Local linear estimator is a popularly used method to estimate the non-parametric regression functions, and many methods have been derived to estimate the smoothing parameter, or the bandwidth in this case. In this article, we propose an information criterion-based bandwidth selection method, with the degrees of freedom originally derived for non-parametric inferences. Unlike the plug-in method, the new method does not require preliminary parameters to be chosen in advance, and is computationally efficient compared to the cross-validation (CV) method.
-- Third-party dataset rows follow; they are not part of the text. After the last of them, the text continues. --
definition norm_continuous :: "('a::comm_ring_1 \<Rightarrow> real) \<Rightarrow> ('a \<Rightarrow> complex) \<Rightarrow> bool" where
  "norm_continuous N \<phi> \<longleftrightarrow>
     (\<forall>x. \<forall>e>0. \<exists>d>0. \<forall>y. N (y - x) < d \<longrightarrow> cmod (\<phi> y - \<phi> x) < e)"

definition functionally_continuous :: "(complex \<Rightarrow> 'a::comm_ring_1 \<Rightarrow> 'a) \<Rightarrow> ('a \<Rightarrow> real) \<Rightarrow> bool" where
  "functionally_continuous sm N \<longleftrightarrow> (\<forall>\<phi>. mult_lin_functional sm \<phi> \<longrightarrow> norm_continuous N \<phi>)"

definition uniform_norm :: "(complex \<Rightarrow> 'a::comm_ring_1 \<Rightarrow> 'a) \<Rightarrow> ('a \<Rightarrow> real) \<Rightarrow> bool" where
  "uniform_norm sm M \<longleftrightarrow> vs_norm sm M \<and> (\<forall>x. M (x * x) = (M x)\<^sup>2)"

end

theory Submission
  imports Defs
begin

text \<open>If a uniform norm M defines the topology, it is equivalent to the submultiplicative norm,
  and repeated squaring (\<open>M (x ^ 2 ^ n) = M x ^ 2 ^ n\<close>) turns the bounded multiplicativity
  defect into submultiplicativity; its closed unit ball is then the largest closed bounded idempotent
  disc, because the powers \<open>x ^ 2 ^ n\<close> of an element of a bounded idempotent set stay bounded.
  Conversely, the largest such disc B contains the closed unit ball and is bounded, so its Minkowski
  functional is an equivalent norm. Idempotence of B makes this norm square-submultiplicative, and
  B is closed under square roots: if \<open>y * y \<in> B\<close>, the closed absolutely convex hull of the powers
  of y is bounded and idempotent, hence contained in B. This gives the reverse inequality.\<close>

locale complex_alg =
  fixes sm :: "complex \<Rightarrow> 'a::comm_ring_1 \<Rightarrow> 'a"
  assumes complex_algebra: "complex_algebra sm"
begin
(* Let $k\geq 2$, let $G$ be a graph of order $n$, and let $w$ be a vertex of $G$. Suppose that every connected component $C$ of $G-w$ satisfies either $v(C)=2k$ or $e(C)\leq (k-1)\,v(C)$. If $n\geq 6k+13$, then $q(G)<n+2k-2$.
   Context: All graphs are finite and simple. $G-w$ is the graph obtained from $G$ by deleting the vertex $w$. $v(C)$ and $e(C)$ are the numbers of vertices and edges of $C$. For a graph $G$, the signless Laplacian is $Q(G)=D(G)+A(G)$, where $D(G)$ is the diagonal matrix of vertex degrees and $A(G)$ is the adjacency matrix; $q(G)$ denotes the largest eigenvalue of $Q(G)$. *)

theory Defs
  imports Main "HOL-Analysis.Analysis"
begin

definition simple_graph :: "'a set \<Rightarrow> 'a set set \<Rightarrow> bool" where
  "simple_graph V E \<longleftrightarrow> finite V \<and> (\<forall>e\<in>E. e \<subseteq> V \<and> card e = 2)"

definition adj :: "'a set set \<Rightarrow> 'a \<Rightarrow> 'a \<Rightarrow> bool" where
  "adj E u v \<longleftrightarrow> {u, v} \<in> E"

definition degree :: "'a set set \<Rightarrow> 'a \<Rightarrow> nat" where
  "degree E v = card {e\<in>E. v \<in> e}"

definition signless_laplacian :: "'a set set \<Rightarrow> 'a \<Rightarrow> 'a \<Rightarrow> real" where
  "signless_laplacian E u v =
     (if u = v then real (degree E u) else 0) + (if adj E u v then 1 else 0)"

definition is_eigenvalue :: "'a set \<Rightarrow> ('a \<Rightarrow> 'a \<Rightarrow> real) \<Rightarrow> real \<Rightarrow> bool" where
  "is_eigenvalue V M mu \<longleftrightarrow>
     (\<exists>x :: 'a \<Rightarrow> real. (\<exists>v\<in>V. x v \<noteq> 0) \<and>
        (\<forall>u\<in>V. (\<Sum>v\<in>V. M u v * x v) = mu * x u))"

definition q_index :: "'a set \<Rightarrow> 'a set set \<Rightarrow> real" where
  "q_index V E = Max {mu. is_eigenvalue V (signless_laplacian E) mu}"

definition del_vertex_V :: "'a set \<Rightarrow> 'a \<Rightarrow> 'a set" where
  "del_vertex_V V w = V - {w}"

definition del_vertex_E :: "'a set set \<Rightarrow> 'a \<Rightarrow> 'a set set" where
  "del_vertex_E E w = {e\<in>E. w \<notin> e}"

definition reachable :: "'a set \<Rightarrow> 'a set set \<Rightarrow> 'a \<Rightarrow> 'a \<Rightarrow> bool" where
  "reachable V E = (\<lambda>u v. u \<in> V \<and> v \<in> V \<and> adj E u v)\<^sup>*\<^sup>*"

definition components :: "'a set \<Rightarrow> 'a set set \<Rightarrow> 'a set set" where
  "components V E = {{v\<in>V. reachable V E u v} | u. u \<in> V}"

definition edges_in :: "'a set set \<Rightarrow> 'a set \<Rightarrow> nat" where
  "edges_in E C = card {e\<in>E. e \<subseteq> C}"

end

theory Submission
  imports Defs "Jordan_Normal_Form.Char_Poly"
begin

unbundle no vec_syntax  \<comment> \<open>\<open>$\<close> is vector indexing of Jordan_Normal_Form below\<close>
Numerical study shows that the new method performs better or comparable to existing plug-in method or CV method in terms of the estimation of the mean functions, and has lower variability than CV selectors. Real data applications are also provided to illustrate the effectiveness of the new method.
机译:局部线性估计器是一种普遍使用的估计非参数回归函数的方法,并且已经推导了许多方法来估计平滑参数或这种情况下的带宽。在本文中,我们提出了一种基于信息准则的带宽选择方法,其自由度最初是针对非参数推论得出的。与插入方法不同,新方法不需要预先选择初步参数,并且与交叉验证(CV)方法相比,计算效率很高。数值研究表明,新方法在估计均值函数方面表现优于或优于现有的插件方法或CV方法,并且变异性低于CV选择器。还提供了实际数据应用程序来说明新方法的有效性。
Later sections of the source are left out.